"You can get them on the telephone. If they're here to-morrow morning and consent—there ought to be no difficulty about that—you three Directors can sick the lawyers on to me at once and fix up the security deeds in a day or so."

"You ought to have been born an Englishman!" said the baronet admiringly.

"One point occurs to me. Let's keep this matter close until the prospectus is actually launched. I don't want any Stock Exchange 'wreckers!' trying to stick a knife into my back. You know some of their tricks?"

"Certainly—certainly!"

"I don't think I'd even mention it to your daughter. Women—even the best of them—can't help talking."

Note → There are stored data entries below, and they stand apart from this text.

lemma negligible_porous_points:
  fixes E :: "'a::euclidean_space set"
  assumes "E \<in> sets lebesgue" and "0 < s"
  shows "negligible {x \<in> E. porous_at s E x}"
  unfolding negligible_outer_le
proof (intro allI impI)
  fix e :: real assume "0 < e"
  then have "0 < e * s ^ DIM('a)" using \<open>0 < s\<close> by simp
  then obtain U where "open U" "E \<subseteq> U" "U - E \<in> lmeasurable"
    and small: "emeasure lebesgue (U - E) < ennreal (e * s ^ DIM('a))"
    using sets_lebesgue_outer_open[OF assms(1)] by metis
  have "measure lebesgue (U - E) / s ^ DIM('a) \<le> e"
    using small emeasure_eq_measure2[OF \<open>U - E \<in> lmeasurable\<close>] \<open>0 < s\<close>
    by (simp add: ennreal_less_iff divide_le_eq)
  moreover obtain T where "{x \<in> E. porous_at s E x} \<subseteq> T" and "T \<in> lmeasurable"
    and "measure lebesgue T \<le> measure lebesgue (U - E) / s ^ DIM('a)"
    by (rule porous_points_cover_measure_le[OF \<open>open U\<close> \<open>E \<subseteq> U\<close> \<open>U - E \<in> lmeasurable\<close> \<open>0 < s\<close>])
  ultimately show "\<exists>T. {x \<in> E. porous_at s E x} \<subseteq> T \<and> T \<in> lmeasurable \<and> measure lebesgue T \<le> e"
    by (intro exI[of _ T]) auto
qed

section \<open>Infinity-monotone sets are graphs almost everywhere\<close>

lemma ball_along_ray_in_cone:
  fixes n u :: "'a::real_inner"
  assumes "norm n = 1" and "norm u = 1" and "0 < a" and "a \<le> n \<bullet> u" and "0 < \<rho>"
    and "x' \<in> ball (x + (\<rho> / 2) *\<^sub>R u) (a / 4 * \<rho>)"
  shows "0 < norm (x' - x)" and "norm (x' - x) < \<rho>" and "a / 4 * norm (x' - x) \<le> n \<bullet> (x' - x)"
proof -
  define w where "w = x' - (x + (\<rho> / 2) *\<^sub>R u)"
  have "norm w < a / 4 * \<rho>" using assms(6) by (simp add: w_def dist_norm norm_minus_commute)
  have decomp: "x' - x = (\<rho> / 2) *\<^sub>R u + w" by (simp add: w_def)
  have "a \<le> 1" using Cauchy_Schwarz_ineq2[of n u] assms(1,2,4) by simp
  then have "a / 4 * \<rho> \<le> \<rho> / 4" using assms(5) by simp
  moreover have "norm (x' - x) \<le> \<rho> / 2 + norm w"
    using norm_triangle_ineq[of "(\<rho> / 2) *\<^sub>R u" w] assms(2,5) by (simp add: decomp)
  ultimately show "norm (x' - x) < \<rho>" using \<open>norm w < a / 4 * \<rho>\<close> assms(5) by linarith
  have "- norm w \<le> n \<bullet> w" using Cauchy_Schwarz_ineq2[of n w] assms(1) by simp
  moreover have "\<rho> / 2 * a \<le> \<rho> / 2 * (n \<bullet> u)" using assms(4,5) by simp
  moreover have "\<rho> / 2 * a = 2 * (a / 4 * \<rho>)" by simp
  moreover have "n \<bullet> (x' - x) = \<rho> / 2 * (n \<bullet> u) + n \<bullet> w" by (simp add: decomp inner_add_right)
  ultimately have "a / 4 * \<rho> < n \<bullet> (x' - x)" using \<open>norm w < a / 4 * \<rho>\<close> by linarith
  moreover have "a / 4 * norm (x' - x) \<le> a / 4 * \<rho>"
    using \<open>norm (x' - x) < \<rho>\<close> assms(3) by simp
  ultimately show "a / 4 * norm (x' - x) \<le> n \<bullet> (x' - x)" by linarith
  have "0 < a / 4 * \<rho>" using assms(3,5) by simp
  then show "0 < norm (x' - x)" using \<open>a / 4 * \<rho> < n \<bullet> (x' - x)\<close> by (auto simp del: diff_eq_eq)
qed

lemma unit_vectors_bisector:
  fixes n1 n2 :: "'a::real_inner"
  assumes "norm n1 = 1" and "norm n2 = 1" and "n1 \<noteq> n2"
  obtains u a where "norm u = 1" and "0 < a" and "n1 \<bullet> u = - a" and "n2 \<bullet> u = a"
proof -
  have unit: "n1 \<bullet> n1 = 1" "n2 \<bullet> n2 = 1" using assms(1,2) by (simp_all add: dot_square_norm)
  define d where "d = n2 - n1"
  have "d \<noteq> 0" using assms(3) by (simp add: d_def)
  have n2d: "n2 \<bullet> d = (norm d)\<^sup>2 / 2" and n1d: "n1 \<bullet> d = - (norm d)\<^sup>2 / 2"
    using unit by (simp_all add: d_def power2_norm_eq_inner inner_diff_left inner_diff_right inner_commute)
  have "norm (sgn d) = 1" "0 < norm d / 2" using \<open>d \<noteq> 0\<close> by (simp_all add: norm_sgn)
  moreover have "n1 \<bullet> sgn d = - (norm d / 2)" "n2 \<bullet> sgn d = norm d / 2"
    unfolding sgn_div_norm inner_scaleR_right n2d n1d using \<open>d \<noteq> 0\<close>
    by (simp_all add: power2_eq_square field_simps)
  ultimately show thesis by (rule that)
qed

definition multivalued_points :: "('a \<times> 'b) set \<Rightarrow> 'a set" where
  "multivalued_points G = {x. \<exists>y1 y2. (x, y1) \<in> G \<and> (x, y2) \<in> G \<and> y1 \<noteq> y2}"

lemma porous_at_rational_cball_projection:
  fixes G :: "('a::metric_space \<times> 'b::metric_space) set"
  assumes dense: "\<And>U. open U \<Longrightarrow> U \<noteq> {} \<Longrightarrow> \<exists>q\<in>D. q \<in> U"
    and "(x, y) \<in> G" and "0 < r0" and "0 < s"
    and porous: "porous_at s (fst ` (G \<inter> (UNIV \<times> ball y r0))) x"
  shows "\<exists>q r s'. q \<in> D \<and> r \<in> \<rat> \<and> s' \<in> \<rat> \<and> 0 < s' \<and> x \<in> fst ` (G \<inter> (UNIV \<times> cball q r)) \<and>
           porous_at s' (fst ` (G \<inter> (UNIV \<times> cball q r))) x"
proof -
  obtain q where "q \<in> D" "dist y q < r0 / 3"
    using dense[of "ball y (r0 / 3)"] \<open>0 < r0\<close> by auto
  obtain r where "r \<in> \<rat>" "dist y q < r" "r < r0 / 3"
    using Rats_dense_in_real[OF \<open>dist y q < r0 / 3\<close>] by blast
  obtain s' where "s' \<in> \<rat>" "0 < s'" "s' < s" using Rats_dense_in_real[OF \<open>0 < s\<close>] by blast
  have "cball q r \<subseteq> ball y r0"
  proof
    fix z assume "z \<in> cball q r"
    then have "dist y z \<le> dist y q + r" using dist_triangle[of y z q] by simp
    then show "z \<in> ball y r0"
      unfolding mem_ball using \<open>dist y q < r\<close> \<open>r < r0 / 3\<close> zero_le_dist[of y q] by linarith
  qed
  then have "fst ` (G \<inter> (UNIV \<times> cball q r)) \<subseteq> fst ` (G \<inter> (UNIV \<times> ball y r0))" by blast
  then have "porous_at s' (fst ` (G \<inter> (UNIV \<times> cball q r))) x"
    using porous_at_mono[OF porous] \<open>s' < s\<close> by simp
  moreover have "x \<in> fst ` (G \<inter> (UNIV \<times> cball q r))"
    using \<open>(x, y) \<in> G\<close> \<open>dist y q < r\<close> by (force simp: dist_commute)
  ultimately show ?thesis using \<open>q \<in> D\<close> \<open>r \<in> \<rat>\<close> \<open>s' \<in> \<rat>\<close> \<open>0 < s'\<close> by blast
qed

locale twisted_quasiconvex_cost =
  fixes c :: "'a::euclidean_space \<Rightarrow> 'a \<Rightarrow> real"
  assumes continuous_cost: "continuous_on UNIV (\<lambda>(x, y). c x y)"
    and cost_nonneg: "\<And>x y. c x y \<ge> 0"
    and unique_zero: "\<And>x. \<exists>!y. c x y = 0"
    and inf_cost_zero: "\<And>y. (INF x. c x y) = 0"
    and strictly_quasiconvex_left: "\<And>y x x' t. x \<noteq> x' \<Longrightarrow> 0 < t \<Longrightarrow> t < 1 \<Longrightarrow>
                 c ((1 - t) *\<^sub>R x + t *\<^sub>R x') y < max (c x y) (c x' y)"
    and C1_sublevel: "\<And>l y. l > 0 \<Longrightarrow> C1_boundary (sublevel c y l)"
    and twist: "\<And>x y y' l. l > 0 \<Longrightarrow> c x y = l \<Longrightarrow> c x y' = l \<Longrightarrow>
                 outer_normal (sublevel c y l) x = outer_normal (sublevel c y' l) x \<Longrightarrow> y = y'"
begin
fun Psi_seq ::
  "('n sidx \<Rightarrow> 'n sidx) \<Rightarrow> ('n sidx \<Rightarrow> real^'n \<Rightarrow> real^'n) \<Rightarrow> 'n sidx list
     \<Rightarrow> (real^'n) set \<Rightarrow> (real^'n) set" where
  "Psi_seq \<omega> \<tau> [] = id"
| "Psi_seq \<omega> \<tau> (k # ks) = Psi_seq \<omega> \<tau> ks \<circ> Psi \<omega> \<tau> k"

definition strong ::
  "('n sidx \<Rightarrow> 'n sidx) \<Rightarrow> ('n sidx \<Rightarrow> real^'n \<Rightarrow> real^'n) \<Rightarrow> bool" where
  "strong \<omega> \<tau> \<longleftrightarrow>
     (\<forall>f ks ks'. proper_face f \<and> valid_seq \<tau> f ks \<and> valid_seq \<tau> f ks' \<and>
        comp_seq \<tau> ks ` f = comp_seq \<tau> ks' ` f \<longrightarrow>
        (\<forall>p\<in>f. comp_seq \<tau> ks p = comp_seq \<tau> ks' p) \<and>
        (\<forall>F\<in>Xi f. Psi_seq \<omega> \<tau> ks F = Psi_seq \<omega> \<tau> ks' F))"

end

theory Submission
  imports Defs
begin

text \<open>
  Crossing the same facet twice cancels and crossings of distinct facets commute,
  so every valid word has the same action (on the points of f and on Xi(f)) as a canonical
  word crossing each facet of a subset P of Xi(f) once.  The canonical end faces exhaust the
  face family; perfectness says it has 2^s = |Pow Xi(f)| elements, so P is determined by the
  end face.  Hence two valid words with the same end face have the same action: strongness.
\<close>

subsection \<open>Proper faces of the cube as index sets\<close>

definition face_centre :: "'n::finite sidx set \<Rightarrow> real^'n" where
  "face_centre S = (\<chi> i. if (i, True) \<in> S then 1/4 else if (i, False) \<in> S then - (1/4) else 0)"

lemma face_centre_in_face:
  assumes "distinct_abs S" shows "face_centre S \<in> face S"
proof -
  have in_cube: "face_centre S \<in> cube" unfolding cube_def face_centre_def by auto
  have "face_centre S \<in> facet s" if "s \<in> S" for s
  proof (cases s)
    case (Pair i b)
    then have "b = False \<Longrightarrow> (i, True) \<notin> S"
      using assms that unfolding distinct_abs_def by fastforce
    then show ?thesis using in_cube that Pair unfolding facet_def face_centre_def
      by (cases b) auto
  qed
  then show ?thesis using in_cube unfolding face_def by auto
qed

lemma face_subset_imp:
  assumes "distinct_abs S" "face S \<subseteq> face T" shows "T \<subseteq> S"
proof
  fix t assume "t \<in> T"
  then have "face_centre S \<in> facet t"
    using face_centre_in_face[OF assms(1)] assms(2) unfolding face_def by auto
  then show "t \<in> S"
    unfolding facet_def face_centre_def by (cases t) (auto split: if_splits)
qed

lemma face_inject: "distinct_abs S \<Longrightarrow> distinct_abs T \<Longrightarrow> face S = face T \<Longrightarrow> S = T"
  using face_subset_imp by blast

lemma face_nonempty: "distinct_abs S \<Longrightarrow> face S \<noteq> {}"
  using face_centre_in_face by blast

lemma face_nonempty_distinct_abs:
  assumes "face S \<noteq> {}" shows "distinct_abs S"
  unfolding distinct_abs_def
proof (intro ballI impI)
  fix j k assume "j \<in> S" "k \<in> S" "fst j = fst k"
  moreover obtain x where "x \<in> face S" using assms by blast
  ultimately have "x \<in> facet j" "x \<in> facet k" unfolding face_def by auto
  then have "x $ fst j = (if snd j then 1/4 else - (1/4))"
    "x $ fst j = (if snd k then 1/4 else - (1/4))"
    using \<open>fst j = fst k\<close> unfolding facet_def by auto
  then show "j = k" using \<open>fst j = fst k\<close> by (auto simp: prod_eq_iff split: if_splits)
qed

lemma face_single [simp]: "face {j} = facet j"
  unfolding face_def facet_def by auto

lemma face_pair: "face {a, b} = facet a \<inter> facet b"
  unfolding face_def facet_def by auto

lemma distinct_abs_single [simp]: "distinct_abs {j}"
  unfolding distinct_abs_def by auto

lemma distinct_abs_pair: "fst a \<noteq> fst b \<Longrightarrow> distinct_abs {a, b}"
  unfolding distinct_abs_def by auto

lemma distinct_abs_subset: "distinct_abs S \<Longrightarrow> T \<subseteq> S \<Longrightarrow> distinct_abs T"
  unfolding distinct_abs_def by blast

lemma inj_facet: "inj facet"
proof (rule injI)
  fix j k :: "'n::finite sidx" assume "facet j = facet k"
  then show "j = k" using face_inject[of "{j}" "{k}"] by simp
qed

lemma face_subset_facet_iff: "distinct_abs S \<Longrightarrow> face S \<subseteq> facet j \<longleftrightarrow> j \<in> S"
  using face_subset_imp[of S "{j}"] unfolding face_def by auto

lemma Xi_face: "distinct_abs S \<Longrightarrow> Xi (face S) = facet ` S"
  unfolding Xi_def using face_subset_facet_iff by blast

lemma codim_face: "distinct_abs S \<Longrightarrow> codim (face S) = card S"
proof -
  assume "distinct_abs S"
  then have "{j. face S \<subseteq> facet j} = S" using face_subset_facet_iff by blast
  then show ?thesis unfolding codim_def by simp
qed

lemma facet_pair_inject:
  assumes "fst a \<noteq> fst c" "fst b \<noteq> fst c" "facet c \<inter> facet a = facet c \<inter> facet b"
  shows "a = b"
proof -
  have "{c, a} = {c, b}"
    using assms by (intro face_inject) (auto simp: face_pair intro: distinct_abs_pair)
  then show ?thesis using assms(1) by (metis doubleton_eq_iff)
qed

lemma facet_pair_neq_facet: "fst m \<noteq> fst k \<Longrightarrow> facet k \<inter> facet m \<noteq> facet k"
  using face_inject[of "{k, m}" "{k}"] by (auto simp: face_pair distinct_abs_pair)

lemma proper_faceE:
  assumes "proper_face g" obtains S where "distinct_abs S" "S \<noteq> {}" "g = face S"
  using assms unfolding proper_face_def by blast

lemma proper_face_face: "distinct_abs S \<Longrightarrow> S \<noteq> {} \<Longrightarrow> proper_face (face S)"
  unfolding proper_face_def by blast

lemma face_antimono: "T \<subseteq> S \<Longrightarrow> face S \<subseteq> face T"
  unfolding face_def by auto

lemma face_as_INT: "k \<in> S \<Longrightarrow> face S = (\<Inter>m\<in>S. facet k \<inter> facet m)"
  unfolding face_def facet_def by auto

definition companions :: "'n sidx \<Rightarrow> 'n sidx set" where
  "companions k = {m. m = k \<or> fst m \<noteq> fst k}"

lemma self_in_companions [simp]: "k \<in> companions k"
  unfolding companions_def by simp

lemma distinct_abs_subset_companions: "distinct_abs S \<Longrightarrow> k \<in> S \<Longrightarrow> S \<subseteq> companions k"
  unfolding distinct_abs_def companions_def by blast

subsection \<open>Facets-pairing structures acting on index sets\<close>

locale pairing =
  fixes \<omega> :: "'n::finite sidx \<Rightarrow> 'n sidx" and \<tau> :: "'n sidx \<Rightarrow> real^'n \<Rightarrow> real^'n"
  assumes facets_pairing: "facets_pairing \<omega> \<tau>"
begin

lemma omega_omega [simp]: "\<omega> (\<omega> j) = j"
  using facets_pairing unfolding facets_pairing_def by blast

lemma tau_homeomorphism: "homeomorphism (facet k) (facet (\<omega> k)) (\<tau> k) (\<tau> (\<omega> k))"
  using facets_pairing unfolding facets_pairing_def by blast

lemma tau_face_preserving: "proper_face g \<Longrightarrow> g \<subseteq> facet k \<Longrightarrow> proper_face (\<tau> k ` g)"
  using facets_pairing unfolding facets_pairing_def face_preserving_def by blast

lemma tau_compatible:
  "fst j \<noteq> fst k \<Longrightarrow> fst k' \<noteq> fst (\<omega> j) \<Longrightarrow> fst j' \<noteq> fst (\<omega> k) \<Longrightarrow>
   \<tau> j ` (facet j \<inter> facet k) = facet (\<omega> j) \<inter> facet k' \<Longrightarrow>
   \<tau> k ` (facet j \<inter> facet k) = facet j' \<inter> facet (\<omega> k) \<Longrightarrow>
   p \<in> facet j \<inter> facet k \<Longrightarrow> \<tau> k' (\<tau> j p) = \<tau> j' (\<tau> k p)"
  using facets_pairing unfolding facets_pairing_def by blast

lemma tau_maps_to: "p \<in> facet k \<Longrightarrow> \<tau> k p \<in> facet (\<omega> k)"
  using tau_homeomorphism[of k] unfolding homeomorphism_def by blast

lemma tau_inverse: "p \<in> facet k \<Longrightarrow> \<tau> (\<omega> k) (\<tau> k p) = p"
  using tau_homeomorphism[of k] unfolding homeomorphism_def by blast

lemma tau_image_facet: "\<tau> k ` facet k = facet (\<omega> k)"
  using tau_homeomorphism[of k] unfolding homeomorphism_def by blast

lemma inj_on_tau: "inj_on (\<tau> k) (facet k)"
  by (metis inj_on_inverseI tau_inverse)

lemma tau_inverse_image: "g \<subseteq> facet k \<Longrightarrow> \<tau> (\<omega> k) ` \<tau> k ` g = g"
  by (force simp: image_image tau_inverse)

lemma tau_image_inject: "g \<subseteq> facet k \<Longrightarrow> h \<subseteq> facet k \<Longrightarrow> \<tau> k ` g = \<tau> k ` h \<Longrightarrow> g = h"
  by (metis tau_inverse_image)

"Women are not meant for business," agreed the baronet sententiously.


CHAPTER XXXIII
LARSSEN'S APPEAL

In pursuance of his second move, Larssen had to see Miss Verney. To write to her would probably be fruitless waste of time; and it was emphatically not the kind of interview to delegate to a subordinate. He had to seek her in person.

It was curious to reflect that, in this tangle of four lives, the balance of power had shifted successively from one to the other. At first it was with Matheson. A letter of his had brought the shipowner hastening to Paris to see him. Later, it was Larssen who sat still and Matheson who hurried to find him. Later again, it was Olive who held decision between the two men. And now Elaine.